━━━ Dataset content

(* Let $k\geq 2$ and $p\geq 1$ be integers and let $\sigma$ be a multiset of $k+p$ real numbers. Then $\sigma$ is the spectrum of a matrix in $\mathcal{S}(L_{k,p})$ if and only if $\sigma$ contains at least $p+2$ distinct elements.
   Context: The $(k,p)$-lollipop graph $L_{k,p}$ is the graph on $k+p$ vertices obtained from the disjoint union of a complete graph $K_k$ and a path $P_p$ on $p$ vertices by adding an edge between a vertex of $K_k$ and a leaf (endpoint) of $P_p$. For a simple graph $G$ on $n$ vertices, $\mathcal{S}(G)$ is the set of all $n\times n$ real symmetric matrices $A=(a_{ij})$ such that for $i\neq j$, $a_{ij}\neq 0$ if and only if $\{i,j\}$ is an edge of $G$ (diagonal entries unrestricted). *)

theory Defs
  imports "Jordan_Normal_Form.Char_Poly" "HOL-Library.Multiset"
begin

text \<open>The lollipop graph L_{k,p}: vertices 0..k-1 form the clique K_k, vertices k..k+p-1 form
  the path P_p (consecutive vertices adjacent), and the clique vertex k-1 is joined to the
  path leaf k.\<close>

definition lollipop_edge :: "nat \<Rightarrow> nat \<Rightarrow> nat \<Rightarrow> nat \<Rightarrow> bool" where
  "lollipop_edge k p i j \<longleftrightarrow> i < k + p \<and> j < k + p \<and> i \<noteq> j \<and>
     ((i < k \<and> j < k) \<or>
      (k \<le> i \<and> k \<le> j \<and> (j = i + 1 \<or> i = j + 1)) \<or>
      (i = k - 1 \<and> j = k) \<or> (i = k \<and> j = k - 1))"

definition sym_pattern :: "nat \<Rightarrow> (nat \<Rightarrow> nat \<Rightarrow> bool) \<Rightarrow> real mat set" where
  "sym_pattern n E = {A. A \<in> carrier_mat n n \<and> transpose_mat A = A \<and>
     (\<forall>i<n. \<forall>j<n. i \<noteq> j \<longrightarrow> (A $$ (i, j) \<noteq> 0 \<longleftrightarrow> E i j))}"

definition is_spectrum :: "real multiset \<Rightarrow> real mat \<Rightarrow> bool" where
  "is_spectrum \<sigma> A \<longleftrightarrow> char_poly A = (\<Prod>a\<in>#\<sigma>. [:- a, 1:])"

end

theory Submission
  imports Defs "Jordan_Normal_Form.Schur_Decomposition"
begin

(*
  Necessity: the clique vertex 0 and the end k + p - 1 of the path are joined by a unique
  shortest path, of length p + 1. Hence for A in S(L_{k,p}) and any e_1, ..., e_{p+1} the
  (0, k + p - 1) entry of (A - e_1 I) ... (A - e_{p+1} I) is the product of the edge weights
  along that path, which is nonzero. On the other hand, for symmetric A the product of A - e I
  over the distinct eigenvalues e vanishes (Schur triangularization, and T^2 = 0 forces T = 0
  for symmetric T), so there are at least p + 2 of them.

  Sufficiency: p + 2 distinct eigenvalues are the spectrum of an irreducible Jacobi matrix J,
  whose entries come from the three-term recurrence of the orthogonal polynomials of a
  discrete measure supported on them. Put the remaining k - 2 eigenvalues on the diagonal of a
  block D and conjugate D (+) J by the Householder reflection in w = (1, t, ..., t^(k-2), 0, ...).
  This only changes the entries in the first k - 1 rows and columns: it fills in the clique on
  the vertices 0, ..., k - 1 and leaves the path untouched, provided t avoids the roots of
  finitely many nonzero polynomials (which needs the weights of the measure chosen so that the
  first diagonal entry of J differs from the first entry of D).
*)

section \<open>Orthogonal polynomials of a discrete measure\<close>

definition discrete_inner :: "(nat \<Rightarrow> real) \<Rightarrow> real list \<Rightarrow> real poly \<Rightarrow> real poly \<Rightarrow> real" where
  "discrete_inner w xs f g = (\<Sum>i<length xs. w i * poly f (xs ! i) * poly g (xs ! i))"

definition rayleigh_quot :: "(nat \<Rightarrow> real) \<Rightarrow> real list \<Rightarrow> real poly \<Rightarrow> real" where
  "rayleigh_quot w xs f = discrete_inner w xs ([:0, 1:] * f) f / discrete_inner w xs f f"

definition norm_ratio :: "(nat \<Rightarrow> real) \<Rightarrow> real list \<Rightarrow> real poly \<Rightarrow> real poly \<Rightarrow> real" where
  "norm_ratio w xs f g = discrete_inner w xs f f / discrete_inner w xs g g"

fun orth_poly :: "(nat \<Rightarrow> real) \<Rightarrow> real list \<Rightarrow> nat \<Rightarrow> real poly" where
  "orth_poly w xs 0 = 1"
| "orth_poly w xs (Suc 0) = [:- rayleigh_quot w xs 1, 1:]"
| "orth_poly w xs (Suc (Suc j)) =
     [:- rayleigh_quot w xs (orth_poly w xs (Suc j)), 1:] * orth_poly w xs (Suc j)
     - Polynomial.smult (norm_ratio w xs (orth_poly w xs (Suc j)) (orth_poly w xs j)) (orth_poly w xs j)"

lemma discrete_inner_commute: "discrete_inner w xs f g = discrete_inner w xs g f"
  unfolding discrete_inner_def by (simp add: algebra_simps)

lemma discrete_inner_add_right:
  "discrete_inner w xs f (g + h) = discrete_inner w xs f g + discrete_inner w xs f h"
  unfolding discrete_inner_def by (simp add: algebra_simps sum.distrib)

lemma discrete_inner_smult_right:
  "discrete_inner w xs f (Polynomial.smult c g) = c * discrete_inner w xs f g"
  unfolding discrete_inner_def by (simp add: algebra_simps sum_distrib_left)

lemma discrete_inner_zero_right [simp]: "discrete_inner w xs f 0 = 0"
  unfolding discrete_inner_def by simp

lemma discrete_inner_x_shift:
  "discrete_inner w xs ([:0, 1:] * f) g = discrete_inner w xs f ([:0, 1:] * g)"
  unfolding discrete_inner_def by (simp add: algebra_simps)

lemma discrete_inner_three_term:
  "discrete_inner w xs ([:- a, 1:] * f - Polynomial.smult b h) g
     = discrete_inner w xs f ([:0, 1:] * g) - a * discrete_inner w xs f g - b * discrete_inner w xs h g"
  unfolding discrete_inner_def
  by (simp add: algebra_simps sum_subtractf sum_distrib_left sum.distrib)

lemma orth_poly_monic: "degree (orth_poly w xs j) = j \<and> monic (orth_poly w xs j)"
proof (induction w xs j rule: orth_poly.induct)
  case (3 w xs j)
  let ?f = "orth_poly w xs (Suc j)" and ?h = "orth_poly w xs j"
  define g where "g = [:- rayleigh_quot w xs ?f, 1:] * ?f"
  define b where "b = norm_ratio w xs ?f ?h"
  have "?f \<noteq> 0"
    using 3 by auto
  hence "degree g = Suc (Suc j)"
    using 3 unfolding g_def by (simp add: degree_monic_mult del: mult_pCons_left)
  moreover have "monic g"
    unfolding g_def by (rule monic_mult) (use 3 in simp_all)
  moreover have "degree (Polynomial.smult b ?h) < Suc (Suc j)"
    using 3 by simp
  moreover have "orth_poly w xs (Suc (Suc j)) = g - Polynomial.smult b ?h"
    by (simp add: g_def b_def)
  ultimately show ?case
    using 3 degree_add_eq_left[of "- Polynomial.smult b ?h" g] by (simp add: coeff_eq_0)
qed simp_all

lemma discrete_inner_orthogonal_extend:
  assumes orth: "\<forall>q. degree q < d \<longrightarrow> discrete_inner w xs f q = 0"
    and "discrete_inner w xs f P = 0" and "degree P = d" and "monic P"
  shows "\<forall>q. degree q < Suc d \<longrightarrow> discrete_inner w xs f q = 0"
proof (intro allI impI)
  fix q :: "real poly" assume "degree q < Suc d"
  define r where "r = q - Polynomial.smult (coeff q d) P"
  have "r = 0 \<or> degree r < d"
    using \<open>degree q < Suc d\<close> assms(3,4)
    by (intro eq_zero_or_degree_less) (auto simp: r_def degree_diff_le)
  hence "discrete_inner w xs f r = 0"
    using orth by auto
  have "discrete_inner w xs f q = discrete_inner w xs f (Polynomial.smult (coeff q d) P + r)"
    by (simp add: r_def)
  also have "\<dots> = coeff q d * discrete_inner w xs f P + discrete_inner w xs f r"
    by (simp only: discrete_inner_add_right discrete_inner_smult_right)
  finally show "discrete_inner w xs f q = 0"
    using assms(2) \<open>discrete_inner w xs f r = 0\<close> by simp
qed

lemma orth_poly_Suc_Suc_orthogonal:
  assumes orth_f: "\<forall>q. degree q < Suc j \<longrightarrow> discrete_inner w xs (orth_poly w xs (Suc j)) q = 0"
    and orth_h: "\<forall>q. degree q < j \<longrightarrow> discrete_inner w xs (orth_poly w xs j) q = 0"
    and "discrete_inner w xs (orth_poly w xs j) (orth_poly w xs j) \<noteq> 0"
    and "discrete_inner w xs (orth_poly w xs (Suc j)) (orth_poly w xs (Suc j)) \<noteq> 0"
  shows "\<forall>q. degree q < Suc (Suc j) \<longrightarrow> discrete_inner w xs (orth_poly w xs (Suc (Suc j))) q = 0"
proof -
  let ?f = "orth_poly w xs (Suc j)" and ?h = "orth_poly w xs j"
  let ?P = "orth_poly w xs (Suc (Suc j))"
  let ?a = "rayleigh_quot w xs ?f" and ?b = "norm_ratio w xs ?f ?h"
  have P_inner: "discrete_inner w xs ?P q
      = discrete_inner w xs ?f ([:0, 1:] * q) - ?a * discrete_inner w xs ?f q - ?b * discrete_inner w xs ?h q" for q
    by (simp only: orth_poly.simps discrete_inner_three_term)
  have deg_f: "degree ?f = Suc j" "monic ?f" and deg_h: "degree ?h = j" "monic ?h"
    using orth_poly_monic[of w xs j] orth_poly_monic[of w xs "Suc j"] by auto
  have f_h: "discrete_inner w xs ?f ?h = 0"
    using orth_f deg_h by simp
  have "degree ([:0, 1:] * ?h - ?f) \<le> Suc j" "coeff ([:0, 1:] * ?h - ?f) (Suc j) = 0"
    using deg_f deg_h by (auto intro: degree_diff_le simp: degree_mult_le)
  hence "[:0, 1:] * ?h - ?f = 0 \<or> degree ([:0, 1:] * ?h - ?f) < Suc j"
    by (rule eq_zero_or_degree_less)
  hence "discrete_inner w xs ?f ([:0, 1:] * ?h - ?f) = 0"
    using orth_f by auto
  hence f_xh: "discrete_inner w xs ?f ([:0, 1:] * ?h) = discrete_inner w xs ?f ?f"
    using discrete_inner_add_right[of w xs ?f "[:0, 1:] * ?h - ?f" ?f] by simp
  have "\<forall>q. degree q < j \<longrightarrow> discrete_inner w xs ?P q = 0"
  proof (intro allI impI)
    fix q :: "real poly" assume "degree q < j"
    moreover have "degree ([:0, 1:] * q) \<le> degree q + 1"
      using degree_mult_le[of "[:0, 1:]" q] by simp
    ultimately show "discrete_inner w xs ?P q = 0"
      unfolding P_inner using orth_f orth_h by simp
  qed
  moreover have "discrete_inner w xs ?P ?h = 0"
    unfolding P_inner using assms(3) f_xh f_h by (simp add: norm_ratio_def)
  moreover have "discrete_inner w xs ?P ?f = 0"
    unfolding P_inner using assms(4) f_h discrete_inner_x_shift[of w xs ?f ?f]
    by (simp add: rayleigh_quot_def discrete_inner_commute[of w xs ?h])
  ultimately show ?thesis
    using discrete_inner_orthogonal_extend[of j w xs ?P ?h] discrete_inner_orthogonal_extend[of "Suc j" w xs ?P ?f]
      deg_f deg_h by blast
qed

context
  fixes w :: "nat \<Rightarrow> real" and xs :: "real list"
  assumes weights_pos: "\<And>i. i < length xs \<Longrightarrow> w i > 0" and nodes_distinct: "distinct xs"
begin

lemma discrete_inner_self_eq_0_iff:
  "discrete_inner w xs f f = 0 \<longleftrightarrow> (\<forall>x\<in>set xs. poly f x = 0)"
proof -
  have "discrete_inner w xs f f = 0 \<longleftrightarrow> (\<forall>i<length xs. w i * poly f (xs ! i) * poly f (xs ! i) = 0)"
    unfolding discrete_inner_def using weights_pos
    by (subst sum_nonneg_eq_0_iff) (auto simp: mult.assoc less_imp_le)
  also have "\<dots> \<longleftrightarrow> (\<forall>x\<in>set xs. poly f x = 0)"
    using weights_pos by (force simp: in_set_conv_nth)
  finally show ?thesis .
qed

lemma discrete_inner_self_nonneg: "discrete_inner w xs f f \<ge> 0"
  unfolding discrete_inner_def using weights_pos
  by (intro sum_nonneg) (simp add: mult.assoc less_imp_le)

lemma discrete_inner_self_pos:
  assumes "f \<noteq> 0" and "degree f < length xs"
  shows "discrete_inner w xs f f > 0"
proof -
  have "discrete_inner w xs f f \<noteq> 0"
  proof
    assume "discrete_inner w xs f f = 0"
    hence "f = 0"
      using assms(2) distinct_card[OF nodes_distinct]
      by (intro poly_eqI_degree[of "set xs"]) (auto simp: discrete_inner_self_eq_0_iff)
    with assms(1) show False ..
  qed
  with discrete_inner_self_nonneg[of f] show ?thesis
    by linarith
qed

lemma orth_poly_inner_pos: "j < length xs \<Longrightarrow> discrete_inner w xs (orth_poly w xs j) (orth_poly w xs j) > 0"
  using orth_poly_monic[of w xs j] by (intro discrete_inner_self_pos) auto

lemma orth_poly_orthogonal:
  "j \<le> length xs \<Longrightarrow> \<forall>q. degree q < j \<longrightarrow> discrete_inner w xs (orth_poly w xs j) q = 0"
proof (induction j rule: induct_nat_012)
  case 1
  let ?a = "rayleigh_quot w xs 1"
  have "discrete_inner w xs [:- ?a, 1:] 1 = discrete_inner w xs [:0, 1:] 1 - ?a * discrete_inner w xs 1 1"
    unfolding discrete_inner_def by (simp add: algebra_simps sum_subtractf sum_distrib_left)
  moreover have "discrete_inner w xs 1 1 \<noteq> 0"
    using orth_poly_inner_pos[of 0] 1 by fastforce
  ultimately have "discrete_inner w xs (orth_poly w xs 1) 1 = 0"
    by (simp add: rayleigh_quot_def)
  then show ?case
    using discrete_inner_orthogonal_extend[of 0 w xs "orth_poly w xs 1" 1] by simp
next
  case (ge2 j)
  then show ?case
    using orth_poly_inner_pos[of j] orth_poly_inner_pos[of "Suc j"]
    by (intro orth_poly_Suc_Suc_orthogonal) simp_all
qed simp

lemma orth_poly_length: "orth_poly w xs (length xs) = (\<Prod>x\<leftarrow>xs. [:- x, 1:])"
proof -
  let ?L = "length xs"
  let ?P = "orth_poly w xs ?L" and ?R = "\<Prod>x\<leftarrow>xs. [:- x, 1:]"
  have deg_P: "degree ?P = ?L" "monic ?P"
    using orth_poly_monic[of w xs ?L] by auto
  have "monic ?R"
    by (rule monic_prod_list) auto
  moreover have "degree ?R = ?L"
    using degree_linear_factors[of uminus xs] by simp
  ultimately have deg_R: "degree ?R = ?L" "monic ?R"
    by simp_all
  have R_roots: "poly ?R x = 0" if "x \<in> set xs" for x
    using that by (auto simp: poly_prod_list prod_list_zero_iff)
  have "?P - ?R = 0 \<or> degree (?P - ?R) < ?L"
    using deg_P deg_R by (intro eq_zero_or_degree_less) (auto intro: degree_diff_le)
  hence "discrete_inner w xs ?P (?P - ?R) = 0"
    using orth_poly_orthogonal[of ?L] by auto
  moreover have "discrete_inner w xs ?P ?R = 0"
    unfolding discrete_inner_def using R_roots by simp
  ultimately have "discrete_inner w xs ?P ?P = 0"
    using discrete_inner_add_right[of w xs ?P "?P - ?R" ?R] by simp
  hence P_roots: "poly ?P x = 0" if "x \<in> set xs" for x
    using that by (simp add: discrete_inner_self_eq_0_iff)
  show ?thesis
    using deg_P deg_R distinct_card[OF nodes_distinct] P_roots R_roots
    by (intro poly_eqI_degree_lead_coeff[of _ ?L _ "set xs"]) auto
qed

━━━━━━

— What the task requires —
Check the data for the word "product" and pull out the lines that have it.

— Your response —
  (0, k + p - 1) entry of (A - e_1 I) ... (A - e_{p+1} I) is the product of the edge weights
  along that path, which is nonzero. On the other hand, for symmetric A the product of A - e I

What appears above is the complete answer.